This repository (the foundry) contains all the source code we use in our research and development pipeline.

* data: Scripts for downloading and preprocessing datasets (e.g., HF Hub, Common Craul).
* distributed: Scripts for training and evaluating language models with DDP and FSDP.
* dpo: Implementation for Direct Preference Optimization via TRL.
* evals: Scripts for evaluating language models via the lm-evaluation-harness.
* gym: Scripts for training and evaluating language models on custom environments (WIP).
* hf_hub: Scripts for interacting with the Hugging Face Hub.
* merge: Scripts for running different merging techniques via mergekit.
* sft: Implementation of Supervised Fine-Tuning via TRL.
* synthetic: Scripts for generating synthetic datasets with vLLM.
* tests: Unit and integration tests for our code base.
* tokenization: Scripts for training, evaluating, and using tokenizers.
* utils: Some miscellaneous utilities for our code base.

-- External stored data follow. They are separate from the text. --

lemma bigjoin_add:
  "(\<And>i. i < a + b \<Longrightarrow> ncfd (f i)) \<Longrightarrow>
     bigjoin (a + b) f = fjoin (bigjoin a f) (bigjoin b (\<lambda>i. f (a + i)))"
proof (induction a arbitrary: f)
  case 0
  then show ?case by (simp add: fjoin_singl_0_left ncfd_bigjoin vanishes_outside_unit_bigjoin)
next
  case (Suc a)
  have "bigjoin (Suc a + b) f = fjoin (f 0) (bigjoin (a + b) (\<lambda>i. f (Suc i)))"
    by (simp add: bigjoin_Suc)
  also have "\<dots> = fjoin (f 0) (fjoin (bigjoin a (\<lambda>i. f (Suc i))) (bigjoin b (\<lambda>i. f (Suc (a + i)))))"
    using Suc.IH[of "\<lambda>i. f (Suc i)"] Suc.prems by simp
  also have "\<dots> = fjoin (fjoin (f 0) (bigjoin a (\<lambda>i. f (Suc i)))) (bigjoin b (\<lambda>i. f (Suc (a + i))))"
    using Suc.prems by (intro fjoin_assoc[symmetric] ncfd_bigjoin) auto
  finally show ?case by (simp add: bigjoin_Suc)
qed

lemma bigjoin_mult:
  "(\<And>i. i < m * n \<Longrightarrow> ncfd (f i)) \<Longrightarrow>
     bigjoin (m * n) f = bigjoin m (\<lambda>a. bigjoin n (\<lambda>b. f (a * n + b)))"
proof (induction m arbitrary: f)
  case 0
  then show ?case by simp
next
  case (Suc m)
  have "bigjoin (Suc m * n) f = fjoin (bigjoin n f) (bigjoin (m * n) (\<lambda>i. f (n + i)))"
    using bigjoin_add[of n "m * n" f] Suc.prems by simp
  also have "\<dots> = fjoin (bigjoin n f) (bigjoin m (\<lambda>a. bigjoin n (\<lambda>b. f (n + (a * n + b)))))"
    using Suc.IH[of "\<lambda>i. f (n + i)"] Suc.prems by simp
  finally show ?case by (simp add: bigjoin_Suc algebra_simps)
qed

lemma fmeet_bigjoin_distrib:
  "ncfd x \<Longrightarrow> (\<And>i. i < n \<Longrightarrow> ncfd (q i)) \<Longrightarrow>
     fmeet x (bigjoin n q) = bigjoin n (\<lambda>i. fmeet x (q i))"
proof (induction n arbitrary: q)
  case 0
  then show ?case by (simp add: fmeet_singl_0_right)
next
  case (Suc n)
  then show ?case
    by (simp add: bigjoin_Suc fmeet_fjoin_distrib ncfd_bigjoin)
qed

lemma fmeet_bigjoin_bigjoin:
  assumes "\<And>a. a < m \<Longrightarrow> ncfd (p a)" "\<And>b. b < n \<Longrightarrow> ncfd (q b)"
  shows "fmeet (bigjoin m p) (bigjoin n q) =
    bigjoin (m * n) (\<lambda>r. fmeet (p (r div n)) (q (r mod n)))"
proof -
  have "fmeet (bigjoin m p) (bigjoin n q) = bigjoin m (\<lambda>a. fmeet (p a) (bigjoin n q))"
    using assms by (subst (1 2) fmeet_commute) (intro fmeet_bigjoin_distrib ncfd_bigjoin; simp)
  also have "\<dots> = bigjoin m (\<lambda>a. bigjoin n (\<lambda>b. fmeet (p a) (q b)))"
    using assms by (intro bigjoin_cong fmeet_bigjoin_distrib) auto
  also have "\<dots> = bigjoin (m * n) (\<lambda>r. fmeet (p (r div n)) (q (r mod n)))"
  proof (subst bigjoin_mult)
    fix i assume "i < m * n"
    then show "ncfd (fmeet (p (i div n)) (q (i mod n)))"
      using assms div_mod_less_mult[of i m n] by (intro ncfd_fmeet) auto
  qed (intro bigjoin_cong; simp)
  finally show ?thesis .
qed

subsection \<open>Composition with tensor matrices\<close>

lemma ncfd_mcomp_row:
  assumes "\<And>a. a < m \<Longrightarrow> ncfd (Y 0 a)" "\<And>a j. a < m \<Longrightarrow> j < m \<Longrightarrow> ncfd (A a j)" "j < m"
  shows "ncfd (mcomp m Y A 0 j)"
  unfolding mcomp_def using assms by (intro ncfd_bigjoin ncfd_fmeet) auto

lemma mcomp_tensor_row:
  assumes X: "\<And>r. r < m * n \<Longrightarrow> X 0 r = fmeet (Y 0 (r div n)) (Z 0 (r mod n))"
    and Y: "\<And>a. a < m \<Longrightarrow> ncfd (Y 0 a)" and Z: "\<And>b. b < n \<Longrightarrow> ncfd (Z 0 b)"
    and A: "\<And>a j. a < m \<Longrightarrow> j < m \<Longrightarrow> ncfd (A a j)"
    and B: "\<And>b l. b < n \<Longrightarrow> l < n \<Longrightarrow> ncfd (B b l)"
    and c: "c < m * n"
  shows "mcomp (m * n) X (tensor n n A B) 0 c =
    fmeet (mcomp m Y A 0 (c div n)) (mcomp n Z B 0 (c mod n))"
proof -
  define j l where "j = c div n" and "l = c mod n"
  have jl: "j < m" "l < n" using div_mod_less_mult[OF c] by (auto simp: j_def l_def)
  have "mcomp (m * n) X (tensor n n A B) 0 c =
      bigjoin (m * n) (\<lambda>r. fmeet (X 0 r) (fmeet (A (r div n) j) (B (r mod n) l)))"
    by (simp add: mcomp_def tensor_def j_def l_def)
  also have "\<dots> = bigjoin (m * n) (\<lambda>r.
      fmeet (fmeet (Y 0 (r div n)) (A (r div n) j)) (fmeet (Z 0 (r mod n)) (B (r mod n) l)))"
  proof (rule bigjoin_cong)
    fix r assume r: "r < m * n"
    then show "fmeet (X 0 r) (fmeet (A (r div n) j) (B (r mod n) l)) =
        fmeet (fmeet (Y 0 (r div n)) (A (r div n) j)) (fmeet (Z 0 (r mod n)) (B (r mod n) l))"
      unfolding X[OF r] using div_mod_less_mult[OF r] jl by (intro fmeet_interchange Y Z A B) auto
  qed
  also have "\<dots> = fmeet (bigjoin m (\<lambda>a. fmeet (Y 0 a) (A a j))) (bigjoin n (\<lambda>b. fmeet (Z 0 b) (B b l)))"
    using jl by (intro fmeet_bigjoin_bigjoin[symmetric] ncfd_fmeet Y Z A B) auto
  finally show ?thesis by (simp add: mcomp_def j_def l_def)
qed
(* Under the setting described in the context (conditions (V), (S), (C), compactly supported initial measure $\mu_0$, lattice approximate solution $\mu^N_t$ on $[0,T]$), there is a constant $C_d$, independent of $N$ and of $t\in[0,T]$, such that for all $s,t\in[0,T]$ $$\|\mu^N_t-\mu^N_s\|_{BL^*}\le C_d|t-s|,$$ and moreover, for all $t\in[0,T]$ and all $l$, $$\|V[\mu^N_t]\|_{BL^*}=\|\mu^N_t\|_{BL^*}\le C_d,\qquad \sum_{i=1}^I\sum_{j=1}^J m^v_{ij}(V[\mu^N_{t_l}])\,(1+|v_j|+|v_j|^2)\le C_d.$$
   Context: $\mathcal{M}^+(\mathbb{R}^k)$: finite nonnegative Borel measures; $\|f\|_{BL}=\max(\sup|f|,\operatorname{Lip}f)$, $\|\mu\|_{BL^*}=\sup\{\int\psi\,d\mu:\|\psi\|_{BL}\le1\}$. Conditions: (V) $V:\mathcal{M}^+(\mathbb{R}^d)\to\mathcal{M}^+(\mathbb{R}^d\times\mathbb{R}^d)$, $\pi_1^{\#}V[\mu]=\mu$; (V1) $\sup_{(x,v)\in\operatorname{supp}V[\mu]}|v|\le C_S(1+\sup_{(x,v)\in\operatorname{supp}V[\mu]}|x|)$; (V2) for each $R'>0$, $\|V[\mu]-V[\nu]\|_{BL^*}\le C_F(R')\|\mu-\nu\|_{BL^*}$ for $\mu,\nu$ supported in $B(0,R')$. (S) $s:\mathcal{M}^+(\mathbb{R}^d)\to\mathcal{M}^+(\mathbb{R}^d)$, (S1) $\|s[\mu]-s[\nu]\|_{BL^*}\le L\|\mu-\nu\|_{BL^*}$, (S2) $\operatorname{supp}s[\mu]\subseteq B(0,R)$ for all $\mu$. (C) $c:\mathbb{R}^d\times\mathcal{M}^+(\mathbb{R}^d)\to\mathbb{R}$, (C1) $|c|\le C_b$, (C2) $|c(x,\mu)-c(y,\nu)|\le C_L(|x-y|+\|\mu-\nu\|_{BL^*})$. Lattice scheme: fix $T>0$; $\Delta_N=1/N$; $x_1,\dots,x_I$ enumerate $(N^{-2}\mathbb{Z}^d)\cap[-N,N]^d$, $v_1,\dots,v_J$ enumerate $(N^{-1}\mathbb{Z}^d)\cap[-N,N]^d$; $Q_i=x_i+[0,\Delta_N^2)^d$, $Q'_j=v_j+[0,\Delta_N)^d$; $m_i^x(\mu)=\mu(Q_i)$, $m_{ij}^v(W)=W(Q_i\times Q'_j)$. Time points $t_l=l/N$, $l=0,\dots,M$, with the intervals $[t_l,t_{l+1})$ ($l<M$) and $[t_M,T]$ covering $[0,T]$, each of length at most $\Delta_N$. Set $\mu^N_0=\sum_i m_i^x(\mu_0)\delta_{x_i}$ and for $\tau\in[0,\Delta_N]$: $\mu^N_{t_l+\tau}=\tau\sum_i m_i^x(s[\mu^N_{t_l}])\delta_{x_i}+\sum_{i,j}m_{ij}^v(V[\mu^N_{t_l}])e^{c(x_i,\mu^N_{t_l})\tau}\delta_{x_i+\tau v_j}$. *)

theory Defs
  imports "HOL-Analysis.Analysis"
begin
lemma prox_argmin_subgradient:
  fixes g :: "'a::real_inner \<Rightarrow> real"
  assumes H: "convex H" and g: "convex_on H g" and yH: "y \<in> H" and wH: "w \<in> H"
    and argmin: "\<And>u. u \<in> H \<Longrightarrow> g y + L / 2 * (norm (y - xt))\<^sup>2 \<le> g u + L / 2 * (norm (u - xt))\<^sup>2"
  shows "g y + inner (L *\<^sub>R (xt - y)) (w - y) \<le> g w"
proof -
  define G where "G = g w - g y - inner (L *\<^sub>R (xt - y)) (w - y)"
  \<comment> \<open>compare y with the points of the segment from y to w, divide by e and let e tend to 0\<close>
  have "0 \<le> G + e * (L / 2 * (norm (w - y))\<^sup>2)" if e: "0 < e" "e < 1" for e
  proof -
    define u where "u = (1 - e) *\<^sub>R y + e *\<^sub>R w"
    have "u \<in> H" unfolding u_def using H yH wH e by (simp add: convex_def)
    have "u - xt = (y - xt) + e *\<^sub>R (w - y)" unfolding u_def by (simp add: algebra_simps)
    then have u_xt: "(norm (u - xt))\<^sup>2
        = (norm (y - xt))\<^sup>2 + 2 * e * inner (y - xt) (w - y) + e\<^sup>2 * (norm (w - y))\<^sup>2"
      by (simp only: power2_norm_add) (simp add: power_mult_distrib)
    have "g y + L / 2 * (norm (y - xt))\<^sup>2 \<le> g u + L / 2 * (norm (u - xt))\<^sup>2"
      using argmin[OF \<open>u \<in> H\<close>] .
    also have "g u \<le> (1 - e) * g y + e * g w"
      unfolding u_def using convex_onD[OF g, of e y w] e yH wH by simp
    finally have "0 \<le> e * (G + e * (L / 2 * (norm (w - y))\<^sup>2))"
      unfolding u_xt G_def
      by (simp add: inner_diff_left algebra_simps power2_eq_square)
    then show ?thesis using e by (simp add: zero_le_mult_iff)
  qed
  then have "eventually (\<lambda>e. 0 \<le> G + e * (L / 2 * (norm (w - y))\<^sup>2)) (at_right 0)"
    by (auto simp: eventually_at_right_field intro: exI[of _ 1])
  moreover have "((\<lambda>e. G + e * (L / 2 * (norm (w - y))\<^sup>2)) \<longlongrightarrow> G) (at_right 0)"
    by (auto intro!: tendsto_eq_intros)
  ultimately have "0 \<le> G" by (intro tendsto_lowerbound) auto
  then show ?thesis unfolding G_def by simp
qed

lemma strongly_convex_onD:
  assumes "strongly_convex_on H \<phi> m" "x \<in> H" "y \<in> H" "0 \<le> t" "t \<le> 1"
  shows "\<phi> (t *\<^sub>R x + (1 - t) *\<^sub>R y) \<le> t * \<phi> x + (1 - t) * \<phi> y - m / 2 * t * (1 - t) * (norm (x - y))\<^sup>2"
  using assms unfolding strongly_convex_on_def by blast

lemma strongly_convex_approx_subgradient:
  fixes \<phi> g :: "'a::real_inner \<Rightarrow> real"
  assumes sc: "strongly_convex_on H \<phi> m" and uH: "u \<in> H" and yH: "y \<in> H"
    and subgrad: "\<And>w. w \<in> H \<Longrightarrow> g y + inner s (w - y) \<le> g w"
    and minorant: "\<And>w. w \<in> H \<Longrightarrow> g w \<le> \<phi> w"
    and gap: "\<phi> y \<le> g y + \<delta> / 2"
  shows "\<phi> y + inner s (u - y) + m / 4 * (norm (u - y))\<^sup>2 - \<delta> \<le> \<phi> u"
proof -
  define w where "w = (1 / 2) *\<^sub>R u + (1 - 1 / 2) *\<^sub>R y"
  have "w \<in> H" using sc uH yH unfolding w_def strongly_convex_on_def by (simp add: convex_def)
  have "w - y = (1 / 2) *\<^sub>R (u - y)" unfolding w_def by (simp add: algebra_simps flip: scaleR_add_left)
  then have "inner s (w - y) = inner s (u - y) / 2" by simp
  then have "\<phi> y - \<delta> / 2 + inner s (u - y) / 2 \<le> \<phi> w"
    using subgrad[OF \<open>w \<in> H\<close>] minorant[OF \<open>w \<in> H\<close>] gap by linarith
  also have "\<phi> w \<le> 1 / 2 * \<phi> u + (1 - 1 / 2) * \<phi> y - m / 2 * (1 / 2) * (1 - 1 / 2) * (norm (u - y))\<^sup>2"
    unfolding w_def by (rule strongly_convex_onD[OF sc uH yH]) simp_all
  finally show ?thesis by simp
qed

All of our code base is made to run on the Marvin cluster (University of Bonn).

Installation
------------

You can use the `installation.sh` to help you create workspaces in Marvin. Marvin has a dual stack setup (Intel / AMD), so make sure to create your local environments with this in mind (see `installation.sh` for details).

The `.modules_{amd|intel}.sh` file contains all the modules you need to load in order to run our code base in Marvins AMD or Intel stack (see `installation.sh` for details).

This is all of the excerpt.